# WHAT IS NEEDED
Copy out the first line of the listing and every line after it, exactly, until you have copied the line containing "using frame_hom_obtains_irreducible_closed[OF T1]".

▼

lemma d_point_obtains_d_irreducible_pair:
  assumes T1: "is_topology T1" and T2: "is_topology T2" and p: "d_point T1 T2 p1 p2"
  obtains C1 C2 where "d_irreducible_pair T1 T2 C1 C2"
    and "\<forall>U\<in>T1. p1 U \<longleftrightarrow> U \<inter> C1 \<noteq> {}" and "\<forall>V\<in>T2. p2 V \<longleftrightarrow> V \<inter> C2 \<noteq> {}"
proof -
  obtain C1 where C1: "irreducible_closed T1 C1" and p1: "\<forall>U\<in>T1. p1 U \<longleftrightarrow> U \<inter> C1 \<noteq> {}"
    using frame_hom_obtains_irreducible_closed[OF T1] p unfolding d_point_def by blast
  obtain C2 where C2: "irreducible_closed T2 C2" and p2: "\<forall>V\<in>T2. p2 V \<longleftrightarrow> V \<inter> C2 \<noteq> {}"
    using frame_hom_obtains_irreducible_closed[OF T2] p unfolding d_point_def by blast
  have "d_irreducible_pair T1 T2 C1 C2"
    unfolding d_irreducible_pair_def
  proof (intro conjI allI impI C1 C2)
    fix M1 M2
    assume M: "- M1 \<in> T1" "- M2 \<in> T2"
    have "\<forall>U V. U \<in> T1 \<longrightarrow> V \<in> T2 \<longrightarrow> U \<inter> V = {} \<longrightarrow> \<not> p1 U \<or> \<not> p2 V"
      and "\<forall>U V. U \<in> T1 \<longrightarrow> V \<in> T2 \<longrightarrow> U \<union> V = UNIV \<longrightarrow> p1 U \<or> p2 V"
      using p unfolding d_point_def by simp_all
    note separation = this[rule_format, OF M]
    have "p1 (- M1) \<longleftrightarrow> \<not> C1 \<subseteq> M1" and "p2 (- M2) \<longleftrightarrow> \<not> C2 \<subseteq> M2"
      using M p1 p2 by auto
    moreover have "- M1 \<inter> - M2 = {} \<longleftrightarrow> M1 \<union> M2 = UNIV" and "- M1 \<union> - M2 = UNIV \<longleftrightarrow> M1 \<inter> M2 = {}"
      by auto
    ultimately show "M1 \<union> M2 = UNIV \<Longrightarrow> C1 \<subseteq> M1 \<or> C2 \<subseteq> M2"
      and "M1 \<inter> M2 = {} \<Longrightarrow> \<not> (C1 \<subseteq> M1 \<and> C2 \<subseteq> M2)"
      using separation by simp_all
  qed
  then show thesis
    using p1 p2 by (rule that)
qed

▲

# EXERCISE ANSWER
lemma d_point_obtains_d_irreducible_pair:
  assumes T1: "is_topology T1" and T2: "is_topology T2" and p: "d_point T1 T2 p1 p2"
  obtains C1 C2 where "d_irreducible_pair T1 T2 C1 C2"
    and "\<forall>U\<in>T1. p1 U \<longleftrightarrow> U \<inter> C1 \<noteq> {}" and "\<forall>V\<in>T2. p2 V \<longleftrightarrow> V \<inter> C2 \<noteq> {}"
proof -
  obtain C1 where C1: "irreducible_closed T1 C1" and p1: "\<forall>U\<in>T1. p1 U \<longleftrightarrow> U \<inter> C1 \<noteq> {}"
    using frame_hom_obtains_irreducible_closed[OF T1] p unfolding d_point_def by blast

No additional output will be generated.